I'm seeking a general method for determining the dimension of a set of points that have polynomial parameterizations. Any information about what this type of problem would be called would be helpful, any resources, or a clear method for the problem below. I have very little background in this area of mathematics.
Example Problem:
Suppose we have the parameterized functions \begin{equation} x(a,b,c,d) = ac\end{equation} \begin{equation} y(a,b,c,d) = bc + ad \end{equation} \begin{equation} z(a,b,c,d) = bd \end{equation}
What is the intrinsic dimension of the set \begin{equation} M = \{ (x,y,z) \in \mathbb{R}^3 : (a,b,c,d) \in \mathbb{R}^4\}? \end{equation}
Clearly it is not all of $\mathbb{R}^3$ since points are missing from $M$, such as $(1,0,1)$. But could it be a volume, surface or just a curve?
Possible method of solution: It was suggested be a friend that maximizing the rank of the Jacobian matrix where the parameterization is smooth gives the dimension of $M$.
The Jacobian is \begin{equation} J = \begin{pmatrix} c&0&a&0 \\ d&c&b&a \\ 0&d&0&b \end{pmatrix}. \end{equation} Since the three rows here are linearly independent in general, one can conclude that $\dim(M) = 3$. Is this a valid method to determine the dimension of $M$? If so, I could imagine that this becomes increasingly difficult for larger and more complicated systems. References on general methods would be greatly appreciated.

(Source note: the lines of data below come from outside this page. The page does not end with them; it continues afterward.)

(* Let $\mathcal{A}$ be a finite alphabet and $k\ge 2$. Any strongly $k$-product-free subset $S$ of the free semigroup over $\mathcal{A}$ has upper asymptotic density at most $1/k$.
   Context: A subset $S$ of a semigroup is $\ell$-product-free ($\ell\ge2$) if there are no $x_1,\dots,x_\ell,y\in S$ (not necessarily distinct) with $x_1\cdots x_\ell=y$; it is strongly $k$-product-free if it is $\ell$-product-free for every $2\le\ell\le k$. The free semigroup over $\mathcal{A}$ consists of nonempty finite words over $\mathcal{A}$ with concatenation. It carries the measure $\mu$ assigning weight $|\mathcal{A}|^{-n}$ to every word of length $n$ (so each length layer has total weight one), and the upper asymptotic density of a set $A$ is $\limsup_{n\to\infty}\mu(A_{\le n})/\mu(\text{all words of length}\le n)$, where $A_{\le n}$ is the set of words of $A$ of length at most $n$. *)

theory Defs
  imports "HOL-Analysis.Analysis"
begin

definition free_semigroup :: "'a list set" where
  "free_semigroup = {w. w \<noteq> []}"

definition product_free :: "nat \<Rightarrow> 'a list set \<Rightarrow> bool" where
  "product_free l S \<longleftrightarrow>
     \<not> (\<exists>xs y. length xs = l \<and> set xs \<subseteq> S \<and> y \<in> S \<and> concat xs = y)"

definition strongly_product_free :: "nat \<Rightarrow> 'a list set \<Rightarrow> bool" where
  "strongly_product_free k S \<longleftrightarrow> (\<forall>l. 2 \<le> l \<and> l \<le> k \<longrightarrow> product_free l S)"

definition mu_upto :: "'a::finite list set \<Rightarrow> nat \<Rightarrow> real" where
  "mu_upto A n = (\<Sum>w\<in>{w \<in> A \<inter> (free_semigroup :: 'a list set). length w \<le> n}.
                    (1 / real CARD('a)) ^ length w)"

definition upper_density :: "'a::finite list set \<Rightarrow> ereal" where
  "upper_density A = limsup (\<lambda>n. ereal (mu_upto A n / mu_upto (free_semigroup :: 'a list set) n))"

end

theory Submission
  imports Defs "HOL-Library.Diagonal_Subsequence"
begin

(* Let ext_density S m x be the proportion of words v of length m with x v in S, and average
   it over m = 1..n; at the empty word this average is the density ratio up to n. On the tree
   of words the averages are harmonic up to an error 1/n, so along a subsequence realising
   the upper density a diagonal argument yields a pointwise limit D which is a bounded
   harmonic function with D [] equal to the upper density.
   For x_1, ..., x_(k-1) in S and any word z, strong k-product-freeness makes the extension
   sets of the k words x_(j+1) ... x_(k-1) z pairwise disjoint, so these k values of D sum to
   at most 1. Conversely, if M = sup D > 0, harmonicity and a Markov argument find words c in
   S with D c arbitrarily close to M, and M - D (c z) <= |A|^|z| (M - D c). Prepending such
   words one at a time builds a chain on which all k values exceed M - e, hence k M <= 1. *)

definition ext_card :: "'a list set \<Rightarrow> nat \<Rightarrow> 'a list \<Rightarrow> nat" where
  "ext_card S m x = card {v. length v = m \<and> x @ v \<in> S}"

definition ext_density :: "'a::finite list set \<Rightarrow> nat \<Rightarrow> 'a list \<Rightarrow> real" where
  "ext_density S m x = real (ext_card S m x) / real CARD('a) ^ m"

definition mean_ext_density :: "'a::finite list set \<Rightarrow> nat \<Rightarrow> 'a list \<Rightarrow> real" where
  "mean_ext_density S n x = (\<Sum>m<n. ext_density S (Suc m) x) / real n"

definition child_mean :: "('a::finite list \<Rightarrow> real) \<Rightarrow> 'a list \<Rightarrow> real" where
  "child_mean f x = (\<Sum>b\<in>UNIV. f (x @ [b])) / real CARD('a)"

lemma finite_words_length: "finite {v::'a::finite list. length v = m}"
  using finite_lists_length_eq[of "UNIV::'a set" m] by simp

lemma card_words_length: "card {v::'a::finite list. length v = m} = CARD('a) ^ m"
  using card_lists_length_eq[of "UNIV::'a set" m] by simp

lemma ext_card_le: "ext_card S m (x::'a::finite list) \<le> CARD('a) ^ m"
  unfolding ext_card_def card_words_length[symmetric]
  by (rule card_mono[OF finite_words_length]) auto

The algebraic-geometry perspective on this is that you have a morphism of varieties $X\to Y$ and you're trying to find the equations of (the closure of) the image. The general way to do this is to write $x=ac$, $y=bc+ad$, and $z=bd$ and then eliminate $a,b,c,d$ from these equations using elimination theory.
If you're instead focusing on more of the real-valued aspect of the problem, you can analyze this via semialgebraic geometry. A good starting point to become familiar with this (depending on your level) is Coste's notes.
In this case, there's a no-tech way to approach the problem: the equations are simple enough that we can just solve for $a,b,c,d$ on a suitable open set. When $x\neq 0$, we can set $a=1$, $b=\frac{y\pm\sqrt{y^2-4xz}}{2x}$, $c=x$, and $d=\frac{y\mp\sqrt{y^2-4xz}}{2}$ which shows that image of our map contains the set $\{(x,y,z)\in \Bbb R^3\mid x\neq 0, y^2-4xz>0\}$, which is open in the usual topology. So the dimension of the image is three (we're glossing over a bunch of different ways to define definition and their possible equivalence here, hope you don't mind).
I wrote the above answer before your edit discussing the Jacobian loaded. If you want to use the Jacobian to answer this problem, you may refer to the answers here which discuss how locally in the standard topology, a map which has Jacobian of rank $k$ in a neighborhood of a point locally looks like a coordinate projection, and the image has dimension $k$. So this is indeed a valid way to solve your problem, as we again speed past the correct notion of dimension to apply here.